Please return only the lines from the one holding "m + l))) \<noteq>" through the one holding "(use stage_inj_coproduct_injection stage_injs_disjoint", exactly as they appear in the records below, both ends included.

> Recorded information:
════════
(* Let $Y_1,\dots,Y_m$ be independent $\mathbb{Z}^d$-valued random vectors, $W:=\sum_{i=1}^mY_i$, $u_i:=\min_{1\le j\le d}\{1-d_{TV}(\mathcal{L}(Y_i),\mathcal{L}(Y_i+e^{(j)}))\}$ and $s_m:=\sum_{i=1}^mu_i>0$. Then there is a universal constant $C$ such that $\max_{1\le j\le d}d_{TV}(\mathcal{L}(W),\mathcal{L}(W+e^{(j)}))\le C\,s_m^{-1/2}$.
   Context: $e^{(j)}$ is the $j$-th coordinate vector of $\mathbb{Z}^d$; $d_{TV}$ is total variation distance. *)

theory Defs
  imports "HOL-Probability.Probability"
begin

text \<open>Vectors of Z^d are represented as functions nat => int that vanish
  at all coordinates k >= d.\<close>
definition zvecs :: "nat \<Rightarrow> (nat \<Rightarrow> int) set" where
  "zvecs d = {x. \<forall>k\<ge>d. x k = 0}"

definition unitvec :: "nat \<Rightarrow> nat \<Rightarrow> int" where
  "unitvec j = (\<lambda>k. if k = j then 1 else 0)"

definition vadd :: "(nat \<Rightarrow> int) \<Rightarrow> (nat \<Rightarrow> int) \<Rightarrow> nat \<Rightarrow> int" where
  "vadd x y = (\<lambda>k. x k + y k)"

definition dTV :: "'a pmf \<Rightarrow> 'a pmf \<Rightarrow> real" where
  "dTV p q = (SUP A. \<bar>measure_pmf.prob p A - measure_pmf.prob q A\<bar>)"

definition shift_law :: "nat \<Rightarrow> (nat \<Rightarrow> int) pmf \<Rightarrow> (nat \<Rightarrow> int) pmf" where
  "shift_law j p = map_pmf (\<lambda>x. vadd x (unitvec j)) p"

definition sum_law :: "nat \<Rightarrow> (nat \<Rightarrow> (nat \<Rightarrow> int) pmf) \<Rightarrow> (nat \<Rightarrow> int) pmf" where
  "sum_law m p = map_pmf (\<lambda>y k. \<Sum>i<m. y i k) (Pi_pmf {..<m} (\<lambda>_. 0) p)"

end

theory Submission
  imports Defs "HOL-Library.Function_Algebras" "HOL-Library.Product_Plus"
begin

text \<open>Mineka's coupling. Fix a direction \<open>e\<close> with \<open>e + e \<noteq> 0\<close>. Every law \<open>p\<close> on an abelian group is a mixture of
  the laws of \<open>z + K e\<close>, where \<open>K\<close> is a fair binomial on \<open>n \<in> {0, 1}\<close> trials and \<open>n = 1\<close> has
  probability at least \<open>(1 - d\<^sub>T\<^sub>V(p, p + e)) / 2\<close>. A sum of independent such mixtures is again a
  mixture, now with \<open>N = n\<^sub>1 + \<dots> + n\<^sub>m\<close> trials. Shifting a fair binomial on \<open>N\<close> trials by one
  moves it by at most \<open>2 / sqrt (N + 1)\<close> in total variation (Stein's identity and Cauchy-Schwarz),
  and \<open>E [1 / (N + 1)] \<le> 2 / (E N + 2)\<close>; Jensen's inequality then gives
  \<open>d\<^sub>T\<^sub>V(W, W + e) \<le> 4 / sqrt s\<close>.\<close>

section \<open>Discrete distributions\<close>

lemma integrable_pmf_bounded:
  fixes f :: "'a \<Rightarrow> real"
  assumes "\<And>x. \<bar>f x\<bar> \<le> B"
  shows "integrable (measure_pmf M) f"
  using assms by (intro measure_pmf.integrable_const_bound[where B = B]) auto

lemma expectation_bind_pmf:
  fixes f :: "'b \<Rightarrow> real"
  assumes "\<And>x. \<bar>f x\<bar> \<le> B"
  shows "measure_pmf.expectation (bind_pmf M N) f
       = measure_pmf.expectation M (\<lambda>x. measure_pmf.expectation (N x) f)"
  unfolding measure_pmf_bind
  using assms
  by (intro integral_bind[where K = "count_space UNIV" and B = B and B' = 1])
     (auto intro!: measurable_pmf_measure2 measure_pmf.finite_measure_axioms
           simp: measure_pmf_in_subprob_algebra)

lemma prob_bind_pmf:
  "measure_pmf.prob (bind_pmf M N) A = measure_pmf.expectation M (\<lambda>x. measure_pmf.prob (N x) A)"
  using expectation_bind_pmf[of "indicator A" 1 M N] by (simp add: indicator_def)

lemma expectation_square_le:
  fixes f :: "'a \<Rightarrow> real"
  assumes "\<And>x. \<bar>f x\<bar> \<le> B"
  shows "(measure_pmf.expectation M f)\<^sup>2 \<le> measure_pmf.expectation M (\<lambda>x. (f x)\<^sup>2)"
proof -
  have "\<bar>(f x)\<^sup>2\<bar> \<le> B\<^sup>2" for x
    using power_mono[OF assms[of x] abs_ge_zero, of 2] by simp
  then have "measure_pmf.variance M f
      = measure_pmf.expectation M (\<lambda>x. (f x)\<^sup>2) - (measure_pmf.expectation M f)\<^sup>2"
    by (intro measure_pmf.variance_eq integrable_pmf_bounded[OF assms] integrable_pmf_bounded)
  with measure_pmf.variance_positive[of M f] show ?thesis by simp
qed

lemma abs_prob_diff_le_1: "\<bar>measure_pmf.prob p A - measure_pmf.prob q B\<bar> \<le> 1"
  using measure_pmf.prob_le_1[of p A] measure_pmf.prob_le_1[of q B]
    measure_nonneg[of p A] measure_nonneg[of q B]
  unfolding abs_le_iff by linarith

lemma abs_prob_diff_le_dTV: "\<bar>measure_pmf.prob p A - measure_pmf.prob q A\<bar> \<le> dTV p q"
  unfolding dTV_def
  by (rule cSUP_upper) (auto intro!: bdd_aboveI[where M = 1] abs_prob_diff_le_1)

lemma dTV_leI:
  assumes "\<And>A. \<bar>measure_pmf.prob p A - measure_pmf.prob q A\<bar> \<le> c"
  shows "dTV p q \<le> c"
  unfolding dTV_def by (rule cSUP_least) (auto intro: assms)

section \<open>Smoothing by a fair binomial\<close>

lemma binomial_stein_identity:
  fixes g :: "nat \<Rightarrow> real"
  shows "(\<Sum>k\<le>Suc n. real (Suc n choose k) * (real (Suc n) - 2 * real k) * g k)
       = real (Suc n) * (\<Sum>k\<le>n. real (n choose k) * (g k - g (Suc k)))"
proof -
  have upper: "(\<Sum>k\<le>Suc n. real (Suc n choose k) * (real (Suc n) - real k) * g k)
      = real (Suc n) * (\<Sum>k\<le>n. real (n choose k) * g k)"
  proof -
    have "real (Suc n choose k) * (real (Suc n) - real k) = real (Suc n) * real (n choose k)"
      if "k \<le> Suc n" for k
      using arg_cong[OF binomial_absorb_comp[of "Suc n" k], of real]
      unfolding of_nat_mult of_nat_diff[OF that] diff_Suc_1 by (simp only: mult.commute)
    then have "(\<Sum>k\<le>Suc n. real (Suc n choose k) * (real (Suc n) - real k) * g k)
        = (\<Sum>k\<le>Suc n. real (Suc n) * (real (n choose k) * g k))"
      by (intro sum.cong) (simp_all add: mult.assoc)
    then show ?thesis by (simp add: sum_distrib_left)
  qed
  have lower: "(\<Sum>k\<le>Suc n. real (Suc n choose k) * real k * g k)
      = real (Suc n) * (\<Sum>k\<le>n. real (n choose k) * g (Suc k))"
  proof -
    have "real (Suc n choose Suc k) * real (Suc k) = real (Suc n) * real (n choose k)" for k
      using arg_cong[OF Suc_times_binomial[of k n], of real]
      unfolding of_nat_mult by (simp only: mult.commute)
    then show ?thesis
      by (simp add: sum.atMost_Suc_shift sum_distrib_left mult.assoc[symmetric] del: sum.atMost_Suc
                    of_nat_Suc binomial_Suc_Suc)
  qed
  have "(\<Sum>k\<le>Suc n. real (Suc n choose k) * (real (Suc n) - 2 * real k) * g k)
      = (\<Sum>k\<le>Suc n. real (Suc n choose k) * (real (Suc n) - real k) * g k)
        - (\<Sum>k\<le>Suc n. real (Suc n choose k) * real k * g k)"
    by (simp add: sum_subtractf[symmetric] algebra_simps del: sum.atMost_Suc)
  then show ?thesis
    by (simp only: upper lower) (simp add: sum_subtractf algebra_simps)
qed

lemma binomial_second_moment:
  "(\<Sum>k\<le>Suc n. real (Suc n choose k) * (real (Suc n) - 2 * real k)\<^sup>2) = real (Suc n) * 2 ^ Suc n"
proof -
  define w where "w k = real (Suc n) - 2 * real k" for k
  have "(\<Sum>k\<le>Suc n. real (Suc n choose k) * (w k)\<^sup>2)
      = real (Suc n) * (\<Sum>k\<le>n. real (n choose k) * (w k - w (Suc k)))"
    using binomial_stein_identity[of n w] by (simp only: w_def[symmetric] power2_eq_square mult.assoc)
  also have "\<dots> = real (Suc n) * 2 ^ Suc n"
    using arg_cong[OF choose_row_sum[of n], of real]
    by (simp add: w_def sum_distrib_right[symmetric])
  finally show ?thesis
    by (simp only: w_def)
qed

lemma binomial_shift_sum_bound:
  fixes g :: "nat \<Rightarrow> real"
  assumes g: "\<And>k. \<bar>g k\<bar> \<le> 1"
  shows "\<bar>\<Sum>k\<le>n. real (n choose k) * (g k - g (Suc k))\<bar> \<le> 2 ^ Suc n / sqrt (real (Suc n))"
proof -
  define N where "N = Suc n"
  define S where "S = (\<Sum>k\<le>n. real (n choose k) * (g k - g (Suc k)))"
  define c where "c k = real (N choose k)" for k
  define w where "w k = real N - 2 * real k" for k
  have c_nonneg: "0 \<le> c k" for k by (simp add: c_def)
  have row_sum: "(\<Sum>k\<le>N. c k) = 2 ^ N"
    using arg_cong[OF choose_row_sum[of N], of real] by (simp add: c_def)
  have second_moment: "(\<Sum>k\<le>N. c k * (w k)\<^sup>2) = real N * 2 ^ N"
    using binomial_second_moment[of n] by (simp add: c_def w_def N_def)
  have "(real N * S)\<^sup>2 = (\<Sum>k\<le>N. sqrt (c k) * (sqrt (c k) * w k * g k))\<^sup>2"
    using binomial_stein_identity[of n g] c_nonneg
    by (simp add: S_def N_def c_def w_def mult.assoc[symmetric])
  also have "\<dots> \<le> (\<Sum>k\<le>N. (sqrt (c k))\<^sup>2) * (\<Sum>k\<le>N. (sqrt (c k) * w k * g k)\<^sup>2)"
    by (rule Cauchy_Schwarz_ineq_sum)
  also have "\<dots> \<le> 2 ^ N * (real N * 2 ^ N)"
  proof -
    have "(sqrt (c k) * w k * g k)\<^sup>2 \<le> c k * (w k)\<^sup>2" for k
      using c_nonneg[of k] g[of k] abs_le_square_iff[of "g k" 1]
      by (simp add: power_mult_distrib mult_left_le)
    then have "(\<Sum>k\<le>N. (sqrt (c k) * w k * g k)\<^sup>2) \<le> real N * 2 ^ N"
      unfolding second_moment[symmetric] by (rule sum_mono)
    moreover have "(\<Sum>k\<le>N. (sqrt (c k))\<^sup>2) = 2 ^ N"
      using c_nonneg row_sum by simp
    ultimately show ?thesis by (simp add: mult_left_mono)
  qed
  finally have "real N * (real N * S\<^sup>2) \<le> real N * (2 ^ N)\<^sup>2"
    by (simp add: power_mult_distrib power2_eq_square algebra_simps)
  then have "real N * S\<^sup>2 \<le> (2 ^ N)\<^sup>2"
    by (rule mult_left_le_imp_le) (simp add: N_def)
  then have "S\<^sup>2 \<le> (2 ^ N)\<^sup>2 / real N"
    by (simp add: N_def pos_le_divide_eq mult.commute)
  then have "\<bar>S\<bar> \<le> sqrt ((2 ^ N)\<^sup>2 / real N)"
    by (intro real_le_rsqrt) simp
  also have "\<dots> = 2 ^ N / sqrt (real N)"
    by (simp add: real_sqrt_divide)
  finally show ?thesis
    by (simp only: S_def N_def)
qed
section \<open>The pivot condition\<close>

definition pivot_type :: "nat \<Rightarrow> nat \<Rightarrow> complex mat \<Rightarrow> complex mat \<Rightarrow> bool" where
  "pivot_type n p g h \<longleftrightarrow>
     p \<le> n \<and> (\<forall>j<p. g $$ (n,j) = 0) \<and> (\<forall>j. p < j \<and> j \<le> n \<longrightarrow> h $$ (j,n) = 0)"

lemma strict_upper_tri_pow_mult_vec:
  assumes u: "u \<in> strict_upper_tri (Suc n)"
    and sd: "\<forall>j<n. u $$ (j, Suc j) \<noteq> 0"
    and p: "p \<le> n" and Ep: "E p \<noteq> 0" and Ez: "\<And>j. p < j \<Longrightarrow> j < Suc n \<Longrightarrow> E j = 0"
    and m: "m \<le> p"
  shows "\<And>i. i < Suc n \<Longrightarrow> p < i + m \<Longrightarrow> (\<Sum>j<Suc n. (u ^\<^sub>m m) $$ (i,j) * E j) = 0"
    and "(\<Sum>j<Suc n. (u ^\<^sub>m m) $$ (p - m, j) * E j) \<noteq> 0"
proof -
  show "(\<Sum>j<Suc n. (u ^\<^sub>m m) $$ (i,j) * E j) = 0" if "i < Suc n" "p < i + m" for i
    using that strict_upper_tri_pow_zero[OF u, of i _ m] Ez
    by (intro sum.neutral ballI) (case_tac "x < i + m"; simp)
  have "(\<Sum>j<Suc n. (u ^\<^sub>m m) $$ (p - m, j) * E j) = (u ^\<^sub>m m) $$ (p - m, p) * E p"
  proof (rule sum_lessThan_single)
    fix j assume "j < Suc n" "j \<noteq> p"
    then show "(u ^\<^sub>m m) $$ (p - m, j) * E j = 0"
      using strict_upper_tri_pow_zero[OF u, of "p - m" j m] Ez[of j] m p by (cases "j < p") auto
  qed (use p in simp)
  moreover have "(u ^\<^sub>m m) $$ (p - m, p) = (\<Prod>l<m. u $$ (p - m + l, Suc (p - m + l)))"
    using strict_upper_tri_pow_superdiag[OF u, of "p - m" m] m p by simp
  moreover have "(\<Prod>l<m. u $$ (p - m + l, Suc (p - m + l))) \<noteq> 0"
    using sd m p by (subst prod_zero_iff) auto
  ultimately show "(\<Sum>j<Suc n. (u ^\<^sub>m m) $$ (p - m, j) * E j) \<noteq> 0" using Ep by simp
qed
definition "loop_decomposition = (SOME (L, l). is_coproduct C UNIV (case_nat L stage) X (case_nat l stage_inj))"
definition "loop = fst loop_decomposition"
definition "loop_inj = snd loop_decomposition"

lemma X_decomposition: "is_coproduct C UNIV (case_nat loop stage) X (case_nat loop_inj stage_inj)"
proof -
  obtain L l where "is_coproduct C UNIV (case_nat L stage) X (case_nat l stage_inj)"
    by (rule disjoint_injections_complement[of stage_inj stage X])
      (use stage_inj_coproduct_injection stage_injs_disjoint in simp_all)
  then have "case loop_decomposition of (L, l) \<Rightarrow> is_coproduct C UNIV (case_nat L stage) X (case_nat l stage_inj)"
    unfolding loop_decomposition_def by (intro someI_ex[of "\<lambda>(L, l). _ L l"]) auto
  then show ?thesis unfolding loop_def loop_inj_def by (simp split: prod.splits)
qed

lemma loop_inj_hom [simp]: "src loop_inj = loop" "trg loop_inj = X"
  using coproduct_inj[OF X_decomposition, of 0] by auto

lemma loop_cone_initial:
  "a \<in> hom C Q loop \<Longrightarrow> b \<in> hom C Q (stage m) \<Longrightarrow> loop_inj \<cdot> a = stage_inj m \<cdot> b \<Longrightarrow> initial_obj C Q"
  using coproduct_cone_initial[OF X_decomposition, of 0 "Suc m" a Q b] by simp

lemma loop_steps_left:
  obtains g where "g \<in> hom C loop X" "e \<cdot> loop_inj = inl X Y \<cdot> g"
proof (rule coproduct_factor_through_inj[OF bin_coproduct_as_coproduct[OF chosen_bin_coproduct], of 0 "e \<cdot> loop_inj"])
  fix n P p q assume "n \<in> {0, 1}" "n \<noteq> 0" and pb: "is_pullback C (if n = 0 then inl X Y else inr X Y) (e \<cdot> loop_inj) P p q"
  then have pb: "is_pullback C (inr X Y) (e \<cdot> loop_inj) P p q" by simp
  obtain u where "u \<in> hom C P (stage 0)" "stage_inj 0 \<cdot> u = loop_inj \<cdot> q"
    using pullback_lift[OF stage_pullback_0, of p P "loop_inj \<cdot> q"] pullbackD[OF pb] by auto
  then show "initial_obj C P" using loop_cone_initial[of q P u 0] pullbackD(3)[OF pb] by simp
qed (auto intro: that)

lemma loop_stays:
  obtains v where "v \<in> hom C loop loop" "e \<cdot> loop_inj = inl X Y \<cdot> (loop_inj \<cdot> v)"
proof -
  obtain g where g: "g \<in> hom C loop X" "e \<cdot> loop_inj = inl X Y \<cdot> g" by (rule loop_steps_left)
  have [simp]: "src g = loop" "trg g = X" using g by auto
  obtain v where "v \<in> hom C loop loop" "g = loop_inj \<cdot> v"
  proof (rule coproduct_factor_through_inj[OF X_decomposition, of 0 g])
    fix n P p q assume "n \<noteq> 0" and pb: "is_pullback C (case_nat loop_inj stage_inj n) g P p q"
    then obtain m where n: "n = Suc m" by (cases n) auto
    have [simp]: "src p = P" "trg p = stage m" "src q = P" "trg q = loop"
      using pullbackD(2,3)[OF pb] n by auto
    have "inl X Y \<cdot> (stage_inj m \<cdot> p) = e \<cdot> (loop_inj \<cdot> q)"
      using pullbackD(4)[OF pb] n comp_reassoc[OF g(2)[symmetric], of q] by simp
    then obtain u where "u \<in> hom C P (stage (Suc m))" "stage_inj (Suc m) \<cdot> u = loop_inj \<cdot> q"
      using pullback_lift[OF stage_pullback_Suc[of m], of p P "loop_inj \<cdot> q"] by auto
    then show "initial_obj C P" using loop_cone_initial[of q P u "Suc m"] by simp
  qed (auto intro: that)
  with g that show ?thesis by simp
qed

primrec stage_out where
  "stage_out 0 = stage_step 0"
| "stage_out (Suc n) = stage_out n \<cdot> stage_step (Suc n)"

lemma stage_out_hom [simp]: "src (stage_out n) = stage n" "trg (stage_out n) = Y"
  by (induction n) simp_all

definition unfold where
  "unfold = cotuple (case_nat loop_inj stage_inj) X T
     (case_nat (\<kappa> 0 \<cdot> bang loop) (\<lambda>m. \<kappa> (Suc m) \<cdot> stage_out m))"

lemma unfold_hom [simp]: "src unfold = X" "trg unfold = T"
  and unfold_loop_inj: "unfold \<cdot> loop_inj = \<kappa> 0 \<cdot> bang loop"
  and unfold_stage_inj: "unfold \<cdot> stage_inj m = \<kappa> (Suc m) \<cdot> stage_out m"
proof -
  have "case_nat (\<kappa> 0 \<cdot> bang loop) (\<lambda>m. \<kappa> (Suc m) \<cdot> stage_out m) n \<in> hom C (case_nat loop stage n) T" for n
    by (simp split: nat.split)
  note cotuple[OF X_decomposition this, folded unfold_def]
  from this(1) this(2)[of 0] this(2)[of "Suc m"]
  show "src unfold = X" "trg unfold = T" "unfold \<cdot> loop_inj = \<kappa> 0 \<cdot> bang loop"
    "unfold \<cdot> stage_inj m = \<kappa> (Suc m) \<cdot> stage_out m" by simp_all
qed
theorem lemma5p1:
  fixes \<psi> :: "'n::{finite,linorder} qstate"
    and T :: "(bit ^ ('n + 'n)) set"
    and t :: nat
  assumes "stabilizer_state \<psi>"
    and "t \<le> CARD('n)"
    and "vec.subspace T"
    and "T \<subseteq> Weyl_set \<psi>"
    and "vec.dim T = CARD('n) - t"
  shows "\<exists>C\<in>clifford_circuits.
           eq_up_to_phase (C *v \<psi>) ket0 \<and>
           clifford_act C ` Weyl_set \<psi> = {x. \<forall>j. x $ Inl j = 0} \<and>
           clifford_act C ` T = {x. (\<forall>j. x $ Inl j = 0) \<and> (\<forall>j. qpos j < t \<longrightarrow> x $ Inr j = 0)}"
proof -
  obtain C1 w where C1: "C1 \<in> clifford_circuits" and "cmod w = 1" and C1\<psi>: "C1 *v \<psi> = w *s ket0"
    using stabilizer_state_disentangle[OF assms(1)] .
  then have "w \<noteq> 0" by auto
  have "clifford_act C1 ` T \<subseteq> z_space"
    using clifford_act_Weyl_set[OF C1 C1\<psi> \<open>w \<noteq> 0\<close>] assms(4)
    by (auto simp: Weyl_set_ket0 z_space_def)
  then obtain D where D: "D \<in> cnot_circuits"
    and DT: "clifford_act D ` clifford_act C1 ` T = vec.span (z_unit ` {j. \<not> qpos j < t})"
    using cnot_circuit_onto_span clifford_act_subspace[OF C1 assms(3)] assms(5) card_qpos_ge
    by metis
  have C: "D ** C1 \<in> clifford_circuits"
    by (rule clifford_circuits_mult[OF cnot_circuit_in_clifford_circuits[OF D] C1])
  have C\<psi>: "(D ** C1) *v \<psi> = w *s ket0"
    by (simp add: C1\<psi> vec.scale cnot_circuit_ket0[OF D] flip: matrix_vector_mul_assoc)
  show ?thesis
  proof (intro bexI[OF _ C] conjI)
    show "eq_up_to_phase ((D ** C1) *v \<psi>) ket0"
      using C\<psi> \<open>cmod w = 1\<close> by (auto simp: eq_up_to_phase_def)
    show "clifford_act (D ** C1) ` Weyl_set \<psi> = {x. \<forall>j. x $ Inl j = 0}"
      using clifford_act_Weyl_set[OF C C\<psi> \<open>w \<noteq> 0\<close>] by (simp add: Weyl_set_ket0)
    show "clifford_act (D ** C1) ` T = {x. (\<forall>j. x $ Inl j = 0) \<and> (\<forall>j. qpos j < t \<longrightarrow> x $ Inr j = 0)}"
      using DT by (simp add: clifford_act_mult[OF cnot_circuit_in_clifford_circuits[OF D] C1]
          image_comp span_z_unit)
  qed
qed

end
════════
> Answer section:
  moreover have "(\<Prod>l<m. u $$ (p - m + l, Suc (p - m + l))) \<noteq> 0"
    using sd m p by (subst prod_zero_iff) auto
  ultimately show "(\<Sum>j<Suc n. (u ^\<^sub>m m) $$ (p - m, j) * E j) \<noteq> 0" using Ep by simp
qed
definition "loop_decomposition = (SOME (L, l). is_coproduct C UNIV (case_nat L stage) X (case_nat l stage_inj))"
definition "loop = fst loop_decomposition"
definition "loop_inj = snd loop_decomposition"

lemma X_decomposition: "is_coproduct C UNIV (case_nat loop stage) X (case_nat loop_inj stage_inj)"
proof -
  obtain L l where "is_coproduct C UNIV (case_nat L stage) X (case_nat l stage_inj)"
    by (rule disjoint_injections_complement[of stage_inj stage X])
      (use stage_inj_coproduct_injection stage_injs_disjoint in simp_all)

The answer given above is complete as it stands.